▶ **What needs to be done**: Count every line below in which "define" occurs, then give only the count.
=== Begin Enclosure ===
text \<open>\<open>weight_prod (w i) j (j + block_start K - t)\<close> lacks at most \<open>K + prev_end K\<close> of the factors of
  \<open>weight_prod (w i) 1 (block_end K)\<close>, each of norm at most \<open>W\<close>: this is the loss that the
  choice of \<open>pick_end\<close> compensates.\<close>
lemma target_le_tol_weight_prod:
  assumes i: "i \<in> I" and j: "1 \<le> j" "j \<le> K" and t: "t \<le> prev_end K"
  shows "norm (y K i j) \<le> tol K * norm (weight_prod (w i) j (j + block_start K - t))"
proof -
  define b where "b = j + block_start K - t"
  define s where "s = block_end K"
  have "t < block_start K"
    using t prev_end_less_block_start[of K] by linarith
  then have jb: "j \<le> b" and bs: "b \<le> s"
    using j by (auto simp: b_def s_def block_end_eq)
  have split: "weight_prod (w i) 1 s
      = weight_prod (w i) 1 j * weight_prod (w i) j b * weight_prod (w i) b s"
    using weight_prod_split[of 1 j s "w i"] weight_prod_split[of j b s "w i"] j jb bs by simp
  have "W ^ (K + prev_end K) * target_bound K / tol K \<le> norm (weight_prod (w i) 1 s)"
    unfolding s_def by (rule block_end_spec(2)[OF i])
  also have "\<dots> \<le> W ^ (j - 1) * norm (weight_prod (w i) j b) * W ^ (s - b)"
  proof -
    have "norm (weight_prod (w i) 1 j) \<le> W ^ (j - 1)" "norm (weight_prod (w i) b s) \<le> W ^ (s - b)"
      using weights_bounded[OF i] by (auto intro: norm_weight_prod_le)
    then show ?thesis
      unfolding split norm_mult using W by (intro mult_mono) auto
  qed
  also have "\<dots> = W ^ (j - 1 + (s - b)) * norm (weight_prod (w i) j b)"
    by (simp add: power_add)
  also have "\<dots> \<le> W ^ (K + prev_end K) * norm (weight_prod (w i) j b)"
    using W j t jb bs by (intro mult_right_mono power_increasing) (auto simp: s_def b_def block_end_eq)
  finally have "target_bound K \<le> tol K * norm (weight_prod (w i) j b)"
    using W tol_pos[of K] by (simp add: field_simps)
  then show ?thesis
    using target_le_target_bound[OF i] b_def order_trans by blast
qed

text \<open>On block \<open>K\<close>, \<open>orbit_vec i\<close> is the \<open>K\<close>-th target pushed forward by \<open>block_start K\<close> places:
  the entry \<open>y\<^sub>j / (w\<^sub>j\<^sub>+\<^sub>1 \<cdots> w\<^sub>m)\<close> at \<open>m = block_start K + j\<close> is sent back to \<open>y\<^sub>j\<close> by
  \<open>wshift (w i) ^^ block_start K\<close>.\<close>
definition orbit_vec :: "nat \<Rightarrow> nat \<Rightarrow> 'a" where
  "orbit_vec i m = (\<Sum>K<m. if m \<in> block K
     then y K i (m - block_start K) / weight_prod (w i) (m - block_start K) m else 0)"

lemma orbit_vec_0 [simp]: "orbit_vec i 0 = 0"
  by (simp add: orbit_vec_def)

lemma orbit_vec_outside_blocks: "(\<And>K. m \<notin> block K) \<Longrightarrow> orbit_vec i m = 0"
  by (simp add: orbit_vec_def)

lemma orbit_vec_block:
  assumes m: "m \<in> block K"
  shows "orbit_vec i m = y K i (m - block_start K) / weight_prod (w i) (m - block_start K) m"
proof -
  have "orbit_vec i m = (\<Sum>K'<m. if K' = K
          then y K i (m - block_start K) / weight_prod (w i) (m - block_start K) m else 0)"
    unfolding orbit_vec_def by (rule sum.cong) (use m block_disjoint in auto)
  then show ?thesis
    using less_of_mem_block[OF m] by simp
qed

lemma shift_orbit_vec_block:
  assumes i: "i \<in> I" and m: "m \<in> block K" and t: "t \<le> block_start K"
  shows "(wshift (w i) ^^ t) (orbit_vec i) (m - t)
           = y K i (m - block_start K) / weight_prod (w i) (m - block_start K) (m - t)"
proof -
  define j where "j = m - block_start K"
  have j: "1 \<le> j" "j \<le> m - t" "m \<le> block_end K"
    using m t by (auto simp: j_def block_def)
  have "weight_prod (w i) j m = weight_prod (w i) j (m - t) * weight_prod (w i) (m - t) m"
    using j by (intro weight_prod_split) auto
  moreover have "weight_prod (w i) (m - t) m \<noteq> 0"
    using j by (intro weight_prod_nonzero[OF i, of _ _ K]) auto
  moreover have "m - t + t = m"
    using j by simp
  ultimately show ?thesis
    using j by (simp add: wshift_funpow orbit_vec_block[OF m] j_def[symmetric])
qed

lemma norm_shift_orbit_vec_block_le:
  assumes i: "i \<in> I" and m: "m \<in> block K" and t: "t \<le> prev_end K"
  shows "norm ((wshift (w i) ^^ t) (orbit_vec i) (m - t)) powr p \<le> tol K"
proof -
  define j where "j = m - block_start K"
  have t_less: "t < block_start K"
    using t prev_end_less_block_start[of K] by linarith
  have j: "1 \<le> j" "j \<le> K" "j \<le> m - t" "m - t = j + block_start K - t" "m \<le> block_end K"
    using m t_less by (auto simp: j_def block_def block_end_eq)
  have "weight_prod (w i) j (m - t) \<noteq> 0"
    using j by (intro weight_prod_nonzero[OF i, of _ _ K]) auto
  moreover have "norm (y K i j) \<le> tol K * norm (weight_prod (w i) j (m - t))"
    using target_le_tol_weight_prod[OF i j(1,2) t] j(4) by simp
  ultimately have "norm ((wshift (w i) ^^ t) (orbit_vec i) (m - t)) \<le> tol K"
    using shift_orbit_vec_block[OF i m less_imp_le[OF t_less]]
    by (simp add: j_def[symmetric] norm_divide divide_le_eq)
  then show ?thesis
    using tol_le_1[of K] p by (intro order_trans[OF powr_mono2 powr_le_one_le[OF tol_pos]]) auto
qed

text \<open>By disjointness of the blocks the sum has at most one term; writing it as a sum turns the
  estimate \<open>sum_coord_bound_le\<close> into an exchange of two finite sums.\<close>
definition coord_bound :: "nat \<Rightarrow> nat \<Rightarrow> real" where
  "coord_bound k m = (\<Sum>K\<in>{K. k \<le> K \<and> m \<in> block K}. tol K)"

lemma coord_bound_nonneg: "0 \<le> coord_bound k m"
  unfolding coord_bound_def by (intro sum_nonneg) (simp add: less_imp_le[OF tol_pos])

lemma coord_bound_block: "m \<in> block K \<Longrightarrow> k \<le> K \<Longrightarrow> coord_bound k m = tol K"
proof -
  assume "m \<in> block K" "k \<le> K"
  then have "{K. k \<le> K \<and> m \<in> block K} = {K}"
    using block_disjoint by blast
  then show ?thesis by (simp add: coord_bound_def)
qed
=== End Enclosure ===
▶ **Output for this exercise**: 4